--- Data excerpts Enclosed Below ---

lemma rpush_point: "maps_into 1 k a \<Longrightarrow> rpush k 0 a = (if a 1 = 0 then zm X (Pw k) else ins k (a 1))"
  unfolding rpush_def using gact_1 by simp

lemma rpush_zero: "rpush k n (\<lambda>_. 0) = zm X (Pw k)"
proof -
  have z: "maps_into (2 ^ n) k (\<lambda>_. 0)" unfolding maps_into_def by simp
  have "imap (2 ^ n) k (\<lambda>_. 0) = zm (Pw (2 ^ n)) (Pw k)"
    using indmap(2)[OF z] zmor_right[OF ins_hom Pw_obj]
    by (intro copower_ext[OF indmap(1)[OF z] zmor_hom[OF Pw_obj Pw_obj]]) simp
  then show ?thesis unfolding rpush_def gact_def using zmor_right[OF rpow_hom Pw_obj] by simp
qed

lemma indmap_p22: "imap 2 1 (pmap 2 2) = cp2 X (idm C X) (zm X X)"
  unfolding indmap_def copair2_def Pw_1
  by (intro copair_cong) (auto simp: pmap_def ins_Suc_0 numeral_2_eq_2 le_Suc_eq)

lemma indmap_p21: "imap 2 1 (pmap 2 1) = cp2 X (zm X X) (idm C X)"
  unfolding indmap_def copair2_def Pw_1
  by (intro copair_cong) (auto simp: pmap_def ins_Suc_0 numeral_2_eq_2 le_Suc_eq)

text \<open>Since p^2_2(r) = 1, subtracting zero does nothing.\<close>
lemma rdiff_zero_right:
  assumes A: "A \<in> hom C X Y"
  shows "rdiff Y A (zm X Y) = A"
proof -
  have unit: "rdiff X (idm C X) (zm X X) = idm C X"
    using fdl indmap_p22 unfolding formal_difference_law_def rdiff_def gact_def by simp
  have "rdiff Y A (zm X Y) = cmp C A (rdiff X (idm C X) (zm X X))"
    using comp_rdiff[OF A id_hom[OF X_obj] zmor_hom[OF X_obj X_obj]] id_right[OF A] zmor_left[OF A X_obj]
    by simp
  then show ?thesis unfolding unit using id_right[OF A] by simp
qed

text \<open>The co-inverse p^2_1(r), which is 0 - id.\<close>
definition coinv :: 'm where
  "coinv = act 2 1 (pmap 2 1) r"

lemma coinv_rdiff: "coinv = rdiff X (zm X X) (idm C X)"
  unfolding coinv_def gact_def rdiff_def indmap_p21 ..

lemma coinv_hom: "coinv \<in> hom C X X"
  unfolding coinv_rdiff by (rule rdiff_hom[OF X_obj zmor_hom[OF X_obj X_obj] id_hom[OF X_obj]])

lemma ins_coinv: "i \<in> {1..k} \<Longrightarrow> cmp C (ins k i) coinv = rdiff (Pw k) (zm X (Pw k)) (ins k i)"
  unfolding coinv_rdiff
  using comp_rdiff[OF ins_hom zmor_hom[OF X_obj X_obj] id_hom[OF X_obj]]
    zmor_left[OF ins_hom X_obj] id_right[OF ins_hom] by simp

text \<open>The coaddition w = p^3_2 p^4_2 (r^2), i.e. the push-forward of r^2 along (1, 0, 0, 2).\<close>
definition coadd :: 'm where
  "coadd = act 3 2 (pmap 3 2) (act 4 3 (pmap 4 2) (rp 2))"

lemma coadd_rpush:
  "coadd = rpush 2 2 (glue 1 (\<lambda>x. if x = 1 then 1 else 0) (\<lambda>x. if x = 1 then 0 else 2))"
proof -
  have p42: "maps_into 4 3 (pmap 4 2)" and p32: "maps_into 3 2 (pmap 3 2)"
    unfolding maps_into_def pmap_def by auto
  have "coadd = act 4 2 (pcomp (pmap 3 2) (pmap 4 2)) (rp 2)"
    unfolding coadd_def using gact_comp[OF p42 p32] rpow_hom[of 2] by simp
  also have "\<dots> = act 4 2 (glue 1 (\<lambda>x. if x = 1 then 1 else 0) (\<lambda>x. if x = 1 then 0 else 2)) (rp 2)"
  proof (rule gact_cong, rule ballI)
    fix x :: nat assume "x \<in> {1..4}"
    then have "x = 1 \<or> x = 2 \<or> x = 3 \<or> x = 4" by auto
    then show "pcomp (pmap 3 2) (pmap 4 2) x =
        glue 1 (\<lambda>x. if x = 1 then 1 else 0) (\<lambda>x. if x = 1 then 0 else 2) x"
      by (auto simp: pcomp_def pmap_def glue_def)
  qed
  finally show ?thesis unfolding rpush_def by simp
qed

lemma coadd_hom: "coadd \<in> hom C X (Pw 2)"
  unfolding coadd_rpush by (rule rpush_hom) (auto simp: maps_into_def glue_def)

definition pick :: "'o \<Rightarrow> 'm \<Rightarrow> 'm \<Rightarrow> nat \<Rightarrow> 'm" where
  "pick Y A B x = (if x = 0 then zm X Y else if x = 1 then A else B)"

lemma copair2_indmap:
  assumes Y: "Y \<in> obj C" and A: "A \<in> hom C X Y" and B: "B \<in> hom C X Y" and g: "maps_into 2 2 g"
  shows "cmp C (cp2 Y A B) (imap 2 2 g) = cp2 Y (pick Y A B (g 1)) (pick Y A B (g 2))"
proof -
  have "(if g i = 0 then zm X Y else cmp C (cp2 Y A B) (ins 2 (g i))) =
        (if i = 1 then pick Y A B (g 1) else pick Y A B (g 2))" if i: "i \<in> {1..2}" for i
  proof -
    have "g i \<le> 2" using g i unfolding maps_into_def by auto
    then have "g i = 0 \<or> g i = 1 \<or> g i = 2" by auto
    moreover have "i = 1 \<or> i = 2" using i by auto
    ultimately show ?thesis using copair2_ins[OF Y A B] unfolding pick_def by auto
  qed
  then have "cp 2 Y (\<lambda>i. if g i = 0 then zm X Y else cmp C (cp2 Y A B) (ins 2 (g i))) =
             cp2 Y (pick Y A B (g 1)) (pick Y A B (g 2))"
    unfolding copair2_def[of C Pw ins Y "pick Y A B (g 1)"] by (intro copair_cong) simp
  then show ?thesis using comp_indmap[OF copair2_hom[OF Y A B] g] by simp
qed

lemma copair2_rpush_1:
  assumes Y: "Y \<in> obj C" and A: "A \<in> hom C X Y" and B: "B \<in> hom C X Y" and g: "maps_into 2 2 g"
  shows "cmp C (cp2 Y A B) (rpush 2 1 g) = rdiff Y (pick Y A B (g 1)) (pick Y A B (g 2))"
proof -
  have "cmp C (cp2 Y A B) (rpush 2 1 g) = cmp C (cmp C (cp2 Y A B) (imap 2 2 g)) r"
    unfolding rpush_def gact_def rpow_1 using assoc[OF r_hom indmap(1)[OF g] copair2_hom[OF Y A B]]
    by simp
  then show ?thesis unfolding copair2_indmap[OF assms] rdiff_def .
qed

lemma cg_add_rdiff:
  assumes Y: "Y \<in> obj C" and A: "A \<in> hom C X Y" and B: "B \<in> hom C X Y"
  shows "cg_add C Pw ins coadd Y A B = rdiff Y A (rdiff Y (zm X Y) B)"
proof -
  let ?a = "\<lambda>x::nat. if x = 1 then 1 else 0" and ?b = "\<lambda>x::nat. if x = 1 then 0 else 2"
  have a: "maps_into 2 2 ?a" and b: "maps_into 2 2 ?b" unfolding maps_into_def by auto
  have "rpush 2 (Suc 1) (glue 1 ?a ?b) = rdiff (Pw 2) (rpush 2 1 ?a) (rpush 2 1 ?b)"
    by (rule rpush_glue) (use a b in simp_all)
  then have "coadd = rdiff (Pw 2) (rpush 2 1 ?a) (rpush 2 1 ?b)"
    unfolding coadd_rpush by (simp only: Suc_1)
  then have "cg_add C Pw ins coadd Y A B =
      rdiff Y (cmp C (cp2 Y A B) (rpush 2 1 ?a)) (cmp C (cp2 Y A B) (rpush 2 1 ?b))"
    unfolding cg_add_def
    using comp_rdiff[OF copair2_hom[OF Y A B] rpush_hom rpush_hom] a b by simp
  also have "\<dots> = rdiff Y (rdiff Y A (zm X Y)) (rdiff Y (zm X Y) B)"
    unfolding copair2_rpush_1[OF Y A B a] copair2_rpush_1[OF Y A B b] pick_def by simp
  finally show ?thesis using rdiff_zero_right[OF A] by simp
qed
lemma ek_matmul_commute:
  assumes "is_parametric n q" "is_parametric m p" "manin q p n m M" "manin p q m n N"
    and comm: "\<forall>i<m. \<forall>j<n. \<forall>k<n. \<forall>l<m. N i j * M k l = M k l * N i j"
  shows "ek q n k (matmul m M N) = ek p m k (matmul n N M)"
proof (cases "k = 0")
  case True
  then show ?thesis by (simp add: ek_def)
next
  case False
  define T U where "T = tidx n k" and "U = tidx m k"
  have comm': "\<forall>i<n. \<forall>j<m. \<forall>k<m. \<forall>l<n. M i j * N k l = N k l * M i j"
    using comm by simp
  have tpow_comm: "tpow M k J L * tpow N k L' I = tpow N k L' I * tpow M k J L"
    if "I \<in> T" "J \<in> T" "L \<in> U" "L' \<in> U" for I J L L'
    unfolding tpow_def
    using comm that by (intro prod_list_commute) (auto simp: nth_tidx_less T_def U_def)
  have "ek q n k (matmul m M N) = (\<Sum>I\<in>T. \<Sum>J\<in>T. \<Sum>L\<in>U. \<Sum>L'\<in>U.
      scaleC (Aq q n k I J * Aq p m k L L') (tpow M k J L * tpow N k L' I))"
    unfolding T_def U_def by (rule ek_matmul_eq_trace[OF assms(1-3) comm False])
  also have "\<dots> = (\<Sum>L\<in>U. \<Sum>L'\<in>U. \<Sum>I\<in>T. \<Sum>J\<in>T.
      scaleC (Aq p m k L L' * Aq q n k I J) (tpow N k L' I * tpow M k J L))"
    unfolding sum_swap_pairs[of _ T] by (intro sum.cong refl) (simp add: tpow_comm mult.commute)
  also have "\<dots> = ek p m k (matmul n N M)"
    unfolding T_def U_def by (rule ek_matmul_eq_trace[OF assms(2,1,4) comm' False, symmetric])
  finally show ?thesis .
qed

lemma char_coeff_eq_shift:
  assumes ek_eq: "\<And>k. ek q n k X = ek p m k Y" and "is_parametric n q" "is_parametric m p"
  shows "char_coeff q n X j = char_coeff p m Y (j - (int n - int m))"
proof (cases "int n < j")
  case True
  then show ?thesis by (simp add: char_coeff_def)
next
  case False
  define k where "k = nat (int n - j)"
  have vanish: "ek q n k X = 0" if "n < k \<or> m < k"
    using that ek_eq ek_eq_0_if_gt[OF assms(2)] ek_eq_0_if_gt[OF assms(3)] by metis
  have "(0 \<le> j \<and> j \<le> int n) = (k \<le> n)" "k \<le> n \<Longrightarrow> n - nat j = k"
    using False unfolding k_def by linarith+
  then have lhs: "char_coeff q n X j = (if k \<le> n then (-1) ^ k * ek q n k X else 0)"
    by (simp add: char_coeff_def)
  have "(0 \<le> j - (int n - int m) \<and> j - (int n - int m) \<le> int m) = (k \<le> m)"
    "k \<le> m \<Longrightarrow> m - nat (j - (int n - int m)) = k"
    using False unfolding k_def by linarith+
  then have rhs: "char_coeff p m Y (j - (int n - int m))
      = (if k \<le> m then (-1) ^ k * ek p m k Y else 0)"
    by (simp add: char_coeff_def)
  show ?thesis
    using lhs rhs vanish ek_eq[of k] by auto
qed

theorem mainTheorem18:
  fixes q p :: "nat \<Rightarrow> nat \<Rightarrow> complex"
    and M N :: "nat \<Rightarrow> nat \<Rightarrow> 'a::cplx_algebra_1"
    and n m :: nat
  assumes "is_parametric n q" and "is_parametric m p"
    and "manin q p n m M" and "manin p q m n N"
    and "\<forall>i<m. \<forall>j<n. \<forall>k<n. \<forall>l<m. N i j * M k l = M k l * N i j"
  shows "\<forall>j::int. char_coeff q n (matmul m M N) j
                   = char_coeff p m (matmul n N M) (j - (int n - int m))"
  using char_coeff_eq_shift[OF ek_matmul_commute[OF assms] assms(1,2)] by blast

end
(* Let $\delta\ge0$ and let $Z_\delta(t)$ be the total discounted IBNR claims defined in the context. For every $n\in\mathbb{N}$ and $t>0$, $$\mathbb{E}[Z_\delta^n(t)]=\sum_{i=0}^{n-1}\mu_{n-i}\binom{n}{i}e^{-(n-i)\delta t}\int_0^t e^{-i\delta x}\,\mathcal{T}_{(n-i)\delta}w(t-x)\,\mathbb{E}[Z_\delta^i(t-x)]\,\mathrm{d}m(x),$$ with starting value $\mathbb{E}[Z_\delta^0(t)]=1$.
   Context: Let $\{\tau_i\}_{i\ge1}$ be i.i.d. positive interarrival times with cdf $F$ and pdf $f=F'$; set $T_0:=0$, $T_n:=\sum_{i=1}^n\tau_i$, and $N(t):=\max\{i\ge 0: T_i\le t\}$, with renewal function $m(t):=\mathbb{E}[N(t)]=\sum_{i\ge1}F^{*(i)}(t)$. Let $\{X_i\}_{i\ge1}$ be i.i.d. claim amounts with generic copy $X$, $\mu_k:=\mathbb{E}[X^k]$, $\mu_0:=1$. Let $\{L_i\}_{i\ge1}$ be i.i.d. reporting delays with cdf $W$, survival function $\overline W=1-W$ and pdf $w=W'$. The sequences $\{\tau_i\}$, $\{X_i\}$, $\{L_i\}$ are mutually independent. For $\delta\ge0$, $Z_\delta(t):=\sum_{i=1}^{\infty}e^{-\delta(T_i+L_i)}\mathbf{1}_{\{T_i\le t<T_i+L_i\}}X_i$. The Dickson–Hipp operator is $\mathcal{T}_u g(v):=\int_v^\infty e^{-u(y-v)}g(y)\,\mathrm{d}y$ for $u,v\ge0$. *)

theory Defs
  imports "HOL-Probability.Probability"
begin
lemma card_left_side_eq:
  assumes "finite P" "general_position P" "perfect_matching P M" "pairwise_crossing M"
    and "{v, w} \<in> M"
  shows "card (left_side P v w) = card (left_side P w v)"
proof -
  have "{w, v} \<in> M"
    using assms(5) by (simp add: insert_commute)
  have inj: "inj_on (mate M) (left_side P a b)" for a b
    using inj_on_mate[OF assms(3)] by (rule inj_on_subset) (simp add: left_side_def)
  have "card (left_side P v w) \<le> card (left_side P w v)"
    using mate_in_left_side[OF assms(2-5)] by (intro card_inj_on_le[OF inj] finite_left_side assms(1)) auto
  moreover have "card (left_side P w v) \<le> card (left_side P v w)"
    using mate_in_left_side[OF assms(2-4) \<open>{w, v} \<in> M\<close>]
    by (intro card_inj_on_le[OF inj] finite_left_side assms(1)) auto
  ultimately show ?thesis
    by simp
qed

lemma card_eq_left_side_edge:
  assumes "finite P" "general_position P" "perfect_matching P M" "pairwise_crossing M"
    and "{v, w} \<in> M"
  shows "card P = 2 * card (left_side P v w) + 2"
proof -
  have "v \<in> P" "w \<in> P" "v \<noteq> w"
    using perfect_matching_edge_subset[OF assms(3,5)] perfect_matching_edge_neq[OF assms(3,5)] by auto
  have "orient v w q > 0 \<or> orient w v q > 0" if "q \<in> P - {v, w}" for q
    using orient_ne_0_if_general_position[OF assms(2) \<open>v \<in> P\<close> \<open>w \<in> P\<close>, of q] that \<open>v \<noteq> w\<close>
      orient_swap_left[of w v q] by (auto simp: linorder_neq_iff)
  then have "P = {v, w} \<union> (left_side P v w \<union> left_side P w v)"
    using \<open>v \<in> P\<close> \<open>w \<in> P\<close> by (auto simp: left_side_def)
  moreover have "left_side P v w \<inter> left_side P w v = {}" "{v, w} \<inter> (left_side P v w \<union> left_side P w v) = {}"
    using orient_swap_left[of w v] by (auto simp: left_side_def)
  ultimately have "card P = card {v, w} + (card (left_side P v w) + card (left_side P w v))"
    using finite_left_side[OF assms(1)] by (metis card_Un_disjoint finite.emptyI finite.insertI finite_Un)
  with card_left_side_eq[OF assms] \<open>v \<noteq> w\<close> show ?thesis
    by simp
qed

definition lex_pos :: "real^2 \<Rightarrow> bool" where
  "lex_pos x \<longleftrightarrow> x$1 > 0 \<or> (x$1 = 0 \<and> x$2 > 0)"

lemma lex_pos_det2_pos_imp_first_pos:
  assumes "lex_pos x" "lex_pos y" "det2 x y > 0"
  shows "x$1 > 0"
proof (rule ccontr)
  assume "\<not> x$1 > 0"
  with assms(1) have "x$1 = 0" "x$2 > 0"
    by (auto simp: lex_pos_def)
  moreover have "y$1 \<ge> 0"
    using assms(2) by (auto simp: lex_pos_def)
  ultimately have "det2 x y \<le> 0"
    by (simp add: det2_def)
  with assms(3) show False
    by simp
qed

lemma det2_trans:
  assumes "lex_pos x" "lex_pos y" "lex_pos z" "det2 x y > 0" "det2 y z > 0"
  shows "det2 x z > 0"
proof -
  have "x$1 > 0" "y$1 > 0" "z$1 \<ge> 0"
    using lex_pos_det2_pos_imp_first_pos assms by (auto simp: lex_pos_def)
  have "y$1 * det2 x z = z$1 * det2 x y + x$1 * det2 y z"
    by (simp add: det2_def algebra_simps)
  also have "\<dots> > 0"
    using \<open>x$1 > 0\<close> \<open>z$1 \<ge> 0\<close> assms(4,5) by (simp add: add_nonneg_pos)
  finally show ?thesis
    using \<open>y$1 > 0\<close> by (simp add: zero_less_mult_iff)
qed

lemma lex_min_point:
  fixes P :: "(real^2) set"
  assumes "finite P" "P \<noteq> {}"
  obtains v where "v \<in> P" "\<And>p. p \<in> P \<Longrightarrow> p \<noteq> v \<Longrightarrow> lex_pos (p - v)"
proof -
  obtain u where u: "u \<in> P" "\<And>p. p \<in> P \<Longrightarrow> u$1 \<le> p$1"
    using ex_is_arg_min_if_finite[OF assms, of "\<lambda>p. p$1"] unfolding is_arg_min_def by force
  define S where "S = {p \<in> P. p$1 = u$1}"
  have "finite S" "S \<noteq> {}"
    using assms(1) u(1) by (auto simp: S_def)
  then obtain v where v: "v \<in> S" "\<And>p. p \<in> S \<Longrightarrow> v$2 \<le> p$2"
    using ex_is_arg_min_if_finite[of S "\<lambda>p. p$2"] unfolding is_arg_min_def by force
  show thesis
  proof
    show "v \<in> P"
      using v(1) by (simp add: S_def)
    fix p assume "p \<in> P" "p \<noteq> v"
    then show "lex_pos (p - v)"
      using u(2) v unfolding S_def lex_pos_def by (force simp: vec2_eq_iff)
  qed
qed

--- End of Enclosed Data excerpts ---

Your instructions:
Tell how many lines in the entries above include the string "union", and write nothing but the number.

Solution for this task:
2